Dataset content START
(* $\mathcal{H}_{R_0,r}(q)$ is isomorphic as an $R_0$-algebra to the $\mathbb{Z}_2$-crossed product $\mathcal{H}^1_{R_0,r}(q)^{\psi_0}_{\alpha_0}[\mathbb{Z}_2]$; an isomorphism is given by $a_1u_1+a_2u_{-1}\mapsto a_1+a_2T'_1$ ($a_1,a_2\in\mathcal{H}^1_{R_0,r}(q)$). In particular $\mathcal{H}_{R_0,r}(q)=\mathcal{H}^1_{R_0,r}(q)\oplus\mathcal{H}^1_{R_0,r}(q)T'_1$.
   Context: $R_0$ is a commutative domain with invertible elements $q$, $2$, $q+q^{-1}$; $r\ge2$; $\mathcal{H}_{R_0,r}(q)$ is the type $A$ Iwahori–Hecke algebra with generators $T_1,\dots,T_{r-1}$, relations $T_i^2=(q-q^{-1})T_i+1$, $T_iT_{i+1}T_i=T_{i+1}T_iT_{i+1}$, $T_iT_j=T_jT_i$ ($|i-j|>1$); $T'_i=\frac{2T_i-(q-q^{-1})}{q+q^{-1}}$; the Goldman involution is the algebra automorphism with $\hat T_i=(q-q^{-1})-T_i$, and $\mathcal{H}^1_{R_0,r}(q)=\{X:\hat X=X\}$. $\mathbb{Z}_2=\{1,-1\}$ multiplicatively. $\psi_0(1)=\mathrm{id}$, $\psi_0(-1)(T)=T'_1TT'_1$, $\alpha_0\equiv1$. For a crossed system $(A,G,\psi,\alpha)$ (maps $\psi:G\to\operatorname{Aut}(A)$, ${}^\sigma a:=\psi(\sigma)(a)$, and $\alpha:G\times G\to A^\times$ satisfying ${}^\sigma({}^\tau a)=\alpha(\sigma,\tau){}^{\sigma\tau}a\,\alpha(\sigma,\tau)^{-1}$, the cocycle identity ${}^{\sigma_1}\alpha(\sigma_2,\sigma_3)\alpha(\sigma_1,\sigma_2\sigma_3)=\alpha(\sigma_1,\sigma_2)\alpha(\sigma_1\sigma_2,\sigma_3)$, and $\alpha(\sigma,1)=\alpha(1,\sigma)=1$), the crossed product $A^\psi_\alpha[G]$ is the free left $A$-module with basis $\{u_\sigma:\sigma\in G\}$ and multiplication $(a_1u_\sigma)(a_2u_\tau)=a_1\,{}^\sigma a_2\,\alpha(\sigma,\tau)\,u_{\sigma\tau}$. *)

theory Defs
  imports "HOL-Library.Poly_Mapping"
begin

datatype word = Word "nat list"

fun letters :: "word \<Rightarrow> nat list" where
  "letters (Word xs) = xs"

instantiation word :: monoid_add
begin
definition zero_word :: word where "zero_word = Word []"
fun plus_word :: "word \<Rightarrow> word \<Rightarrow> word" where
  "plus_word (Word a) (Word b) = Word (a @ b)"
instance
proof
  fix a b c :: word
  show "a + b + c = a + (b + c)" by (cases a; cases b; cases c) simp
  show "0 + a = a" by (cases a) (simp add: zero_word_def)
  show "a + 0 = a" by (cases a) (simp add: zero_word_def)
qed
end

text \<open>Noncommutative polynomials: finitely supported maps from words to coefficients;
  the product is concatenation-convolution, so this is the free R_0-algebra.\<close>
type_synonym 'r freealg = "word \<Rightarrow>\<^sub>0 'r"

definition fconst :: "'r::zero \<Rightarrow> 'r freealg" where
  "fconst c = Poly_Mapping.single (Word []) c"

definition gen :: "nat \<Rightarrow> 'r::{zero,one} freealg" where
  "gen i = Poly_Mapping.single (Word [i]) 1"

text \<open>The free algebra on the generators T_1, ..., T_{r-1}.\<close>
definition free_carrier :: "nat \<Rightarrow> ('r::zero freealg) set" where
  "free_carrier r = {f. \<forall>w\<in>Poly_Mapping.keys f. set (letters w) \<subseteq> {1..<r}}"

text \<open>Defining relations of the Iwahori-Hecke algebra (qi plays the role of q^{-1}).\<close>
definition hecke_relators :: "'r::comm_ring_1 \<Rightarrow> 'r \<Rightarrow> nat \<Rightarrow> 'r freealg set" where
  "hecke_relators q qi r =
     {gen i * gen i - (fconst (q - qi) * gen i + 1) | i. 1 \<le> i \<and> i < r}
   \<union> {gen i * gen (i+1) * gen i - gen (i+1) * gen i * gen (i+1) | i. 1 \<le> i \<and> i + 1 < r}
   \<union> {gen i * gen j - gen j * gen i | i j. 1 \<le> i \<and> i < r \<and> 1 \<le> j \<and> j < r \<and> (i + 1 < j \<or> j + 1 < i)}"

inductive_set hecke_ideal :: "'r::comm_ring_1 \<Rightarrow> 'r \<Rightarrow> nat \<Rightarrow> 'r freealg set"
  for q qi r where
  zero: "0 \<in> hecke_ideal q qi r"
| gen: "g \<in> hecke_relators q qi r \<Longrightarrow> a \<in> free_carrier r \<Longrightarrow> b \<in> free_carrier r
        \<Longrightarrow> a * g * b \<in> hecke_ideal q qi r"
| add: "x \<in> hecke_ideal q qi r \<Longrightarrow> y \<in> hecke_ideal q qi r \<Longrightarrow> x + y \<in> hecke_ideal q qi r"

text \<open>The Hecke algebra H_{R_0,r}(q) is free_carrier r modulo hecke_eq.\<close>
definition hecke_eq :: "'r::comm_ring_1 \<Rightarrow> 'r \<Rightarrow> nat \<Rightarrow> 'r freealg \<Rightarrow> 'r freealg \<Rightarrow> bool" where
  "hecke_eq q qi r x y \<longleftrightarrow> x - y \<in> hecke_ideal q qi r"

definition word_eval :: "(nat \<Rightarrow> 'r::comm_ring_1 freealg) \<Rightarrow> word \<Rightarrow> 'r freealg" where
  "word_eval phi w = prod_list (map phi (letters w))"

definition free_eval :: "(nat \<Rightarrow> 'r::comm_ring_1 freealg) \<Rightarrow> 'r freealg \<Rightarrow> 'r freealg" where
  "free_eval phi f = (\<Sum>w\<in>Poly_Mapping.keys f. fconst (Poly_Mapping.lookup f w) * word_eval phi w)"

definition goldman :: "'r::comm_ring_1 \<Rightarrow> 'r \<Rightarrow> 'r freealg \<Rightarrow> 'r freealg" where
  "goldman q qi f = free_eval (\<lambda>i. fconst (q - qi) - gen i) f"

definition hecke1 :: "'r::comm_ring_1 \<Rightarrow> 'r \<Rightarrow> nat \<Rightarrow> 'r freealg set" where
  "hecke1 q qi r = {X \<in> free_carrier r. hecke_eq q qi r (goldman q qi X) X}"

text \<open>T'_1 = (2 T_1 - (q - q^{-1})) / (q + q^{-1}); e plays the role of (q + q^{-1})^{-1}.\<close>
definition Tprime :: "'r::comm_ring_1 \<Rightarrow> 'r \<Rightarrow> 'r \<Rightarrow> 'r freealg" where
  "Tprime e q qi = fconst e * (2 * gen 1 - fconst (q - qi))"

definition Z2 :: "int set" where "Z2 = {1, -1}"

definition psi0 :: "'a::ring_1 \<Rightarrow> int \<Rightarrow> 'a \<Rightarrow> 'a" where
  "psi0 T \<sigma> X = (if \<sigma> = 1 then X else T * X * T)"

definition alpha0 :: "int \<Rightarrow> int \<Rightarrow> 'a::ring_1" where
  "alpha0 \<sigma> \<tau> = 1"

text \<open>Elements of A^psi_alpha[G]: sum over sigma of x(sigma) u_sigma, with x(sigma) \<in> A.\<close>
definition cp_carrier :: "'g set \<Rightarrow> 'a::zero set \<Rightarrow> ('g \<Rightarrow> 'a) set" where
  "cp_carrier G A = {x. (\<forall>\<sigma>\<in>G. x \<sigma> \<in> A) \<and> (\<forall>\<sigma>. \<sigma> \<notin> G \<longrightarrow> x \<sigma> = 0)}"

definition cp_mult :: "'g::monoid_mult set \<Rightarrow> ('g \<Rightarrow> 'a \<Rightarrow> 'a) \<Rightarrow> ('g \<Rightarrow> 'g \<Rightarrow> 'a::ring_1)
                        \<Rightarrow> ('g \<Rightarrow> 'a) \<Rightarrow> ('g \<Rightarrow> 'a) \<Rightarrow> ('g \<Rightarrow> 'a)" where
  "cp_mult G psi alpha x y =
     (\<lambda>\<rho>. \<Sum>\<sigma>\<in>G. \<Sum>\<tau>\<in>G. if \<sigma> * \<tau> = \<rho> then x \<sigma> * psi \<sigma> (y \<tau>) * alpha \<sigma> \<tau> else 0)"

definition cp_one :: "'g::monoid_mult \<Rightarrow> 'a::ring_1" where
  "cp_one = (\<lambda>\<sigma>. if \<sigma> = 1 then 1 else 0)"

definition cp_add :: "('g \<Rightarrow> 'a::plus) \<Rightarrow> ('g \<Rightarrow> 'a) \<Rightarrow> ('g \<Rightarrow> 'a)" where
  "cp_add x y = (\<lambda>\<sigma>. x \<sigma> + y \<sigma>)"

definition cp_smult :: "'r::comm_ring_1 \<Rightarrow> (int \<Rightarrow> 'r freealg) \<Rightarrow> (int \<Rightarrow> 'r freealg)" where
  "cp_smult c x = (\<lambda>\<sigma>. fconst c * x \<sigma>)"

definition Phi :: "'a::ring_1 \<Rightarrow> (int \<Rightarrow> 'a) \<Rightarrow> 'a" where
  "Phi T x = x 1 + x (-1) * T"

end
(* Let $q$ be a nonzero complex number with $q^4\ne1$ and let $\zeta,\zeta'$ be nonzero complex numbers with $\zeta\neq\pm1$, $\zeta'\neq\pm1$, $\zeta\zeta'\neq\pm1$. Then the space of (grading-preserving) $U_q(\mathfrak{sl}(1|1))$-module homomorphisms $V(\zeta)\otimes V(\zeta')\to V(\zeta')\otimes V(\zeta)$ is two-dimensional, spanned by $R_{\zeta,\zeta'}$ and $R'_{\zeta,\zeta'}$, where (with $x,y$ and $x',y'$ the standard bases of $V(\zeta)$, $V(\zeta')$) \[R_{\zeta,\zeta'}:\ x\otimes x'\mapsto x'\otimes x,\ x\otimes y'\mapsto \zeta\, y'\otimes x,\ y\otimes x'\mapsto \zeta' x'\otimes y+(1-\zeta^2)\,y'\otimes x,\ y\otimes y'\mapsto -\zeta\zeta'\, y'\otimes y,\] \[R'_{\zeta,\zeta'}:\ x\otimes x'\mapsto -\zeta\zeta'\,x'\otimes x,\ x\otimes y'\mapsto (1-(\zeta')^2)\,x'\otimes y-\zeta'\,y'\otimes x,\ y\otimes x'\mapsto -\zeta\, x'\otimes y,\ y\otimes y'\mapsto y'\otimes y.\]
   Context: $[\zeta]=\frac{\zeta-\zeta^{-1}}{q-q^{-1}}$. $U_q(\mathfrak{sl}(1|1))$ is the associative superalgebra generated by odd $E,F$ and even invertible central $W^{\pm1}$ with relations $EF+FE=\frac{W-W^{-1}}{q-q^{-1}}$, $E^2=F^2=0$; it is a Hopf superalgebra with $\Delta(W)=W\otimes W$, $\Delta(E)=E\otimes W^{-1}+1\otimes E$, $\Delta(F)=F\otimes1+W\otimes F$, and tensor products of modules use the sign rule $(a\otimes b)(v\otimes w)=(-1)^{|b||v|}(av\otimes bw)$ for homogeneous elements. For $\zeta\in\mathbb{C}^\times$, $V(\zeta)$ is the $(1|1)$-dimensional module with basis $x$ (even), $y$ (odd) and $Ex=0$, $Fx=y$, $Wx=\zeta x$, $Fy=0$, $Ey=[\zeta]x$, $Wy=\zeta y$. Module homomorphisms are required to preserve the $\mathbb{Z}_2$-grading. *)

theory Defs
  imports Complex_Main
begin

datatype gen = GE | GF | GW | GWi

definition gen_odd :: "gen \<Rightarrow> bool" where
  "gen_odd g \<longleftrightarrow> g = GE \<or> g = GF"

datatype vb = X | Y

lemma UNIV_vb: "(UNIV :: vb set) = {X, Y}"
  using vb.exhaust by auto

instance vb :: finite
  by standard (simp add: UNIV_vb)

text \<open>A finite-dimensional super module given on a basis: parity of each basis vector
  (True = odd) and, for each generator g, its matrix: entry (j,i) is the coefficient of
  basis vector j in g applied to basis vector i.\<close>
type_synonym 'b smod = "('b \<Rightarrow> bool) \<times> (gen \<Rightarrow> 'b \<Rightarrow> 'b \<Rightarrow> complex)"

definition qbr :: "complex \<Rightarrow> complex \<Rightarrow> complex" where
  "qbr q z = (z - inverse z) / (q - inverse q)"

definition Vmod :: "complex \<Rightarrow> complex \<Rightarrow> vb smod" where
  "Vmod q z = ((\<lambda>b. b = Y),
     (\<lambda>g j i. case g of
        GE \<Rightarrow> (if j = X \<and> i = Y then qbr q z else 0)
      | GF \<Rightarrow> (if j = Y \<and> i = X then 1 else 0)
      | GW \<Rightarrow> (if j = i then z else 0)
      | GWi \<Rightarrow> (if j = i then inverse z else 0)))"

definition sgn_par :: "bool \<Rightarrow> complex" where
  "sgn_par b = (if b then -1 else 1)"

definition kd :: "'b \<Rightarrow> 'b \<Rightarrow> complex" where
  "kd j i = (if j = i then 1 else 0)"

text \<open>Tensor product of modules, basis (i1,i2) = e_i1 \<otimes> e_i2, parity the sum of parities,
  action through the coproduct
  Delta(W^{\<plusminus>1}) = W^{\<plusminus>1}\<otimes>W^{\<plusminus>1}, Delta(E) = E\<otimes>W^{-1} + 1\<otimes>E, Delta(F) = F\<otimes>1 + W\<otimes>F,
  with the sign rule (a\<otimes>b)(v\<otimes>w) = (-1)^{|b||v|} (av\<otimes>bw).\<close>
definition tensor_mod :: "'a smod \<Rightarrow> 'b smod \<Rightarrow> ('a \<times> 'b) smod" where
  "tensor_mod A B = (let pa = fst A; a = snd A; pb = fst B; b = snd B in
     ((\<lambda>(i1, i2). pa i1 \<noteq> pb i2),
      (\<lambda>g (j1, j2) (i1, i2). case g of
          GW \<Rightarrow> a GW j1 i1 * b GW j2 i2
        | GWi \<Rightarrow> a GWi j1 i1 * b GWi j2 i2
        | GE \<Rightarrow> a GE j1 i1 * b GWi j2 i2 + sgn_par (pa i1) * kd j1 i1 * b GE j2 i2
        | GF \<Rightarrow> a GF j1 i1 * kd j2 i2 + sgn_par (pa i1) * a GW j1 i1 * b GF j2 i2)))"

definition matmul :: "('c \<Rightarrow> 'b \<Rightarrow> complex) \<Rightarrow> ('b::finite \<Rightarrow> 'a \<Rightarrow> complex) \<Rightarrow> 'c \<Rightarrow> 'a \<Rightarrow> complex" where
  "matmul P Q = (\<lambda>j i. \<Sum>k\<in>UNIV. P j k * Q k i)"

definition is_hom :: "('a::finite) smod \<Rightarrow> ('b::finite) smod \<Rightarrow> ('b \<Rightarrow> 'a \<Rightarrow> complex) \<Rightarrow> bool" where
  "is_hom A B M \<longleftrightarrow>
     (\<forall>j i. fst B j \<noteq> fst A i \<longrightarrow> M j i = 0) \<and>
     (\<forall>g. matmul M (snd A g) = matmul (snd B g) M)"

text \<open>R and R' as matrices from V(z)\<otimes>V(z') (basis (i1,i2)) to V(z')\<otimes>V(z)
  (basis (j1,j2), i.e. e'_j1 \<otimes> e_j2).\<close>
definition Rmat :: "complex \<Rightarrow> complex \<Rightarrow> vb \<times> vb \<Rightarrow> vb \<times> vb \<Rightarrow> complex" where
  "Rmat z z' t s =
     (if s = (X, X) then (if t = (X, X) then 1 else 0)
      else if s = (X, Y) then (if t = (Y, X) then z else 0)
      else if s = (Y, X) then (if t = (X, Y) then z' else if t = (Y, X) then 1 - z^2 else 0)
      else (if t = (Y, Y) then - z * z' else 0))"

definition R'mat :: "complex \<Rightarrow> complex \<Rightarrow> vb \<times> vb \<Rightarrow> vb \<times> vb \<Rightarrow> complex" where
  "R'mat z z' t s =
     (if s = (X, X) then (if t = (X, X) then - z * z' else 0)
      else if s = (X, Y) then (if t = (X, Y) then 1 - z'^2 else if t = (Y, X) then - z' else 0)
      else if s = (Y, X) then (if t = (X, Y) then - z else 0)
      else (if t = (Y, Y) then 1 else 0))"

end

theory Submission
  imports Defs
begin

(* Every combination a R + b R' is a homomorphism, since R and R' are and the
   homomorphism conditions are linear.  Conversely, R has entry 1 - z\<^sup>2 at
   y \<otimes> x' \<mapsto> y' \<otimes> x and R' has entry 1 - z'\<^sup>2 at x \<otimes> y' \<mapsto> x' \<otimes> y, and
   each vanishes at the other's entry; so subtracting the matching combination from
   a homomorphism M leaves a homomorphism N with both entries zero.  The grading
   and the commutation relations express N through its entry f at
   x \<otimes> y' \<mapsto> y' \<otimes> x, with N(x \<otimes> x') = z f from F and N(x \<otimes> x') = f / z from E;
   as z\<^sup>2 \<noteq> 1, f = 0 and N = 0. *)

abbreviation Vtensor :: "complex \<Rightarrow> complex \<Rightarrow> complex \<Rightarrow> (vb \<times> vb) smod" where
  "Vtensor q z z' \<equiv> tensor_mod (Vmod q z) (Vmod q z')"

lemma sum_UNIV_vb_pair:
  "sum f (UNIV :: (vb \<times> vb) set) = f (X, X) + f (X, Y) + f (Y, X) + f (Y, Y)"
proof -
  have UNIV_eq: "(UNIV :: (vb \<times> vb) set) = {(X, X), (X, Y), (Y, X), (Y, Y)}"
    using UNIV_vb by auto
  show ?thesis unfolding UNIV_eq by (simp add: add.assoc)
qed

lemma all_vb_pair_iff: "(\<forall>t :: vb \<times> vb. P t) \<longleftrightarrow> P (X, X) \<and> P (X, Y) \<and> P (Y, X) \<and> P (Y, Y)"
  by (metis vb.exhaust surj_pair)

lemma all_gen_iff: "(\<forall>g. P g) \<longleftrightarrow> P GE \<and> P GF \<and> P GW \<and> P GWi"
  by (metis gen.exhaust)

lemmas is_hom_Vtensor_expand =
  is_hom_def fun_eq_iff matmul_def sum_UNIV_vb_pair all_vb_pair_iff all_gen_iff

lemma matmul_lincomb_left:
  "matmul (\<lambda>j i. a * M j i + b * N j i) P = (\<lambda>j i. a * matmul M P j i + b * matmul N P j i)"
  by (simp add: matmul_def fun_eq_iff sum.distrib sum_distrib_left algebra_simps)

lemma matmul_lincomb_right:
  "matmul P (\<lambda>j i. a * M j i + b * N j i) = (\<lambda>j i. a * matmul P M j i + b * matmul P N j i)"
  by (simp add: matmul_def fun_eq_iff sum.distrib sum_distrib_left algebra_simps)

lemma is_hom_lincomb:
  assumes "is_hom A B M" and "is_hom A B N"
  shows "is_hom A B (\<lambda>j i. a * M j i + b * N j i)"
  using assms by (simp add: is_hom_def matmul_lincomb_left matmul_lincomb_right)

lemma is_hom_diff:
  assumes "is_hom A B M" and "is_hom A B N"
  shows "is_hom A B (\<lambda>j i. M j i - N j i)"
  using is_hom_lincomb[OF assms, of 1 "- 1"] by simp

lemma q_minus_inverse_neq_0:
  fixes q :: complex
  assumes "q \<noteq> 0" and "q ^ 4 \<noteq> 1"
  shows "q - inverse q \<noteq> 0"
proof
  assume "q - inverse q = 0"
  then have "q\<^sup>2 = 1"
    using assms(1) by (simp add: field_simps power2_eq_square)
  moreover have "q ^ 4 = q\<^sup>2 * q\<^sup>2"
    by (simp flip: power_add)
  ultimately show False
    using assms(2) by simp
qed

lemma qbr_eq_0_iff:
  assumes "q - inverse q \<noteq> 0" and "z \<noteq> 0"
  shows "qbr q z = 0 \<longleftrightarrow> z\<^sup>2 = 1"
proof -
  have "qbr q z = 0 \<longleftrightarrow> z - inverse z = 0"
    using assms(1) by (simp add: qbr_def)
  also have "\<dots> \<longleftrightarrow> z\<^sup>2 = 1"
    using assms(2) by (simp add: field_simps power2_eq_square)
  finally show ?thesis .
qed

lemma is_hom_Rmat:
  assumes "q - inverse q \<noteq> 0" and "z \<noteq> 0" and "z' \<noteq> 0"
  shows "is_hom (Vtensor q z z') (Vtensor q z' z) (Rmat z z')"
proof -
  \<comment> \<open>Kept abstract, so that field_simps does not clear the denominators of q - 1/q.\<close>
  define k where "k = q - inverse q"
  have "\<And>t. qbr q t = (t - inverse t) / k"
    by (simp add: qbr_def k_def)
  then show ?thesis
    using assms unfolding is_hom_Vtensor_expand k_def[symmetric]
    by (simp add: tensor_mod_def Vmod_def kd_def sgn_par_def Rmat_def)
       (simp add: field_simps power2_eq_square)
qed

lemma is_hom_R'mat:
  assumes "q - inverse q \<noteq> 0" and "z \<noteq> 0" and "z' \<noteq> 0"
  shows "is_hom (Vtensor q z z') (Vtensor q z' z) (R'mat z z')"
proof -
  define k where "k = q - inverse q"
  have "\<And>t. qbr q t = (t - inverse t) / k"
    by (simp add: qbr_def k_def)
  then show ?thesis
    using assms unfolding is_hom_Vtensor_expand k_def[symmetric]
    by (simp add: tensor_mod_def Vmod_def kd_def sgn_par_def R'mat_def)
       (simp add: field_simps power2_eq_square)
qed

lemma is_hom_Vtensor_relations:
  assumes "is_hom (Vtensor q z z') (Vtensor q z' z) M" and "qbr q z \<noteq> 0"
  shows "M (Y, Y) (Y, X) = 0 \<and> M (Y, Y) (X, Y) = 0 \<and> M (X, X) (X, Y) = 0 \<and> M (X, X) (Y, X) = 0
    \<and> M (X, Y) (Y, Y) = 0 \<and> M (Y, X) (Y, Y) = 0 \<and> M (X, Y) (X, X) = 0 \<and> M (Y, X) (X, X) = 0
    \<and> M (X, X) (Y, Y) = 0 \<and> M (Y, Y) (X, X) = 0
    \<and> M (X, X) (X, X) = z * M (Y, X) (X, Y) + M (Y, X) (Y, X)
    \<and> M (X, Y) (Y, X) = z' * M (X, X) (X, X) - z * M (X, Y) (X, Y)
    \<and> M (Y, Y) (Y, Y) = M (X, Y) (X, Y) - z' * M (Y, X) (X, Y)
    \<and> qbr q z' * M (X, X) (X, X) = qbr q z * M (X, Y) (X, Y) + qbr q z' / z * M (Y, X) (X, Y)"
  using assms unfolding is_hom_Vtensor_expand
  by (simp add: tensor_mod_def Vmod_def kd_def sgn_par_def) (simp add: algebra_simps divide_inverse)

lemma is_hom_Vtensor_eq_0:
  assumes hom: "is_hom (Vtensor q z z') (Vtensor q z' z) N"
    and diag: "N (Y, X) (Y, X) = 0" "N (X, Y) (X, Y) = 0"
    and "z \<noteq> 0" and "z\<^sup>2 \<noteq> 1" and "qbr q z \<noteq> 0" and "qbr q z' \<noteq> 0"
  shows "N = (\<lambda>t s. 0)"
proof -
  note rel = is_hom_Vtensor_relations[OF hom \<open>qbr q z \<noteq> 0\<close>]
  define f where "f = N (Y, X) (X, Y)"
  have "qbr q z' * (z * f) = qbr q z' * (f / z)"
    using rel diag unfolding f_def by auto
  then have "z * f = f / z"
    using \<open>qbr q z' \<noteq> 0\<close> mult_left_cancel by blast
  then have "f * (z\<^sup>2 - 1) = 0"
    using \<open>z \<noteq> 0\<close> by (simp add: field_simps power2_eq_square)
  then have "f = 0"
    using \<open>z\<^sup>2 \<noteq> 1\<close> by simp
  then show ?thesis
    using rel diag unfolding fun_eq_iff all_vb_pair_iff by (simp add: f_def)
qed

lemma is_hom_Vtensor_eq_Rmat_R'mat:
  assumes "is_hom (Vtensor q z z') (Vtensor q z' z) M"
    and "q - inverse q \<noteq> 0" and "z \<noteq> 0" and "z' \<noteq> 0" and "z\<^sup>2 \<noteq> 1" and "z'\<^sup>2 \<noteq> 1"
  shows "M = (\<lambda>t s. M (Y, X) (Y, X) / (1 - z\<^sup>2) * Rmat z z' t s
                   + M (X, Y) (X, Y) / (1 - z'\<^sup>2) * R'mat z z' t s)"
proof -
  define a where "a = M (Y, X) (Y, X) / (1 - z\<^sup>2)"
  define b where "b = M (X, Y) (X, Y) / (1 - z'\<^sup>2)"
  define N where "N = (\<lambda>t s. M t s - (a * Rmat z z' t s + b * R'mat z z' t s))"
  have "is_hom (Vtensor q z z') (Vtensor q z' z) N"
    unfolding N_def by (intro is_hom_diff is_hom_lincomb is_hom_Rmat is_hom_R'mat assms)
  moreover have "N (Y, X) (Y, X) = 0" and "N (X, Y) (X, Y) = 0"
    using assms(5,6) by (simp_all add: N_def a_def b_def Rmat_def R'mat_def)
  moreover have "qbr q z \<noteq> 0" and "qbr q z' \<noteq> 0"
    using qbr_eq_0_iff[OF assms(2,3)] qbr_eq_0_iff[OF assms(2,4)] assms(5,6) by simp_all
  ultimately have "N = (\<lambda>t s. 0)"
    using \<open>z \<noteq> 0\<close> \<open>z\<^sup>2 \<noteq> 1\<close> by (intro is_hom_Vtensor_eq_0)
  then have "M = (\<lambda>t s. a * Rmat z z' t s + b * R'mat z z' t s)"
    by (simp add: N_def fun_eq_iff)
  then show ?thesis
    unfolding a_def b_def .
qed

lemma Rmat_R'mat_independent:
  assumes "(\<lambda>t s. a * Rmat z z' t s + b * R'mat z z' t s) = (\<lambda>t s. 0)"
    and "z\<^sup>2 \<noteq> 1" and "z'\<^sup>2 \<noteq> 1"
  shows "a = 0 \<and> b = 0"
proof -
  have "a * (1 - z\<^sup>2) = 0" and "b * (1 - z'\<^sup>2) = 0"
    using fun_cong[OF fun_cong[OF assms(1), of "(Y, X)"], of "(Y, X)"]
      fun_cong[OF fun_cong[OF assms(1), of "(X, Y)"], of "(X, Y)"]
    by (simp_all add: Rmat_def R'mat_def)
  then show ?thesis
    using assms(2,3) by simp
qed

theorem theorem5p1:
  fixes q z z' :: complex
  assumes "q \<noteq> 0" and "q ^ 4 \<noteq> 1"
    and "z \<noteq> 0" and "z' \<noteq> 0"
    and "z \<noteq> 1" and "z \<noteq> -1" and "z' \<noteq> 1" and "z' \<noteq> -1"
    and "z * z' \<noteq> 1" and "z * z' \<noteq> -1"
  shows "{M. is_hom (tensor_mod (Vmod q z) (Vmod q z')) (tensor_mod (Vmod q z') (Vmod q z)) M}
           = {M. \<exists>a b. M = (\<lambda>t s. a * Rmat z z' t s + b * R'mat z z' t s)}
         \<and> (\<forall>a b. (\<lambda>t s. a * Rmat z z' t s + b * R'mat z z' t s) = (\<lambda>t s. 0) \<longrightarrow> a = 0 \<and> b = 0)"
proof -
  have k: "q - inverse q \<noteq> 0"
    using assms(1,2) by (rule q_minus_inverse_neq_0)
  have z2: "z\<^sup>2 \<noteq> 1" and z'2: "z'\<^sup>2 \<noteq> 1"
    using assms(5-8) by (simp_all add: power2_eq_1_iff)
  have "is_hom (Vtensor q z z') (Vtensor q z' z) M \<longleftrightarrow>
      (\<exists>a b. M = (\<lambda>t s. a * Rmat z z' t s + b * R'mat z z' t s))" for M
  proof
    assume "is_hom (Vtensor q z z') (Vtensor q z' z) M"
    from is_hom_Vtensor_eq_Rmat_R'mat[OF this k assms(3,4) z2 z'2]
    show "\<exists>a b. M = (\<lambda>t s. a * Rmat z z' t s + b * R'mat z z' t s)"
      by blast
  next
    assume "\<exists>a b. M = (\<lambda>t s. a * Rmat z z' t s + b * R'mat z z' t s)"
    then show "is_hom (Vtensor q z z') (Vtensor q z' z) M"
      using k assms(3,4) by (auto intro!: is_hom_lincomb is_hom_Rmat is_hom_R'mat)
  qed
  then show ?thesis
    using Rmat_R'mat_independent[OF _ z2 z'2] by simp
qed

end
Dataset content END
> Task details: Go through the records above, find each line with the string "exhaust", and copy it.

> Exercise response:
  using vb.exhaust by auto
  by (metis vb.exhaust surj_pair)
  by (metis gen.exhaust)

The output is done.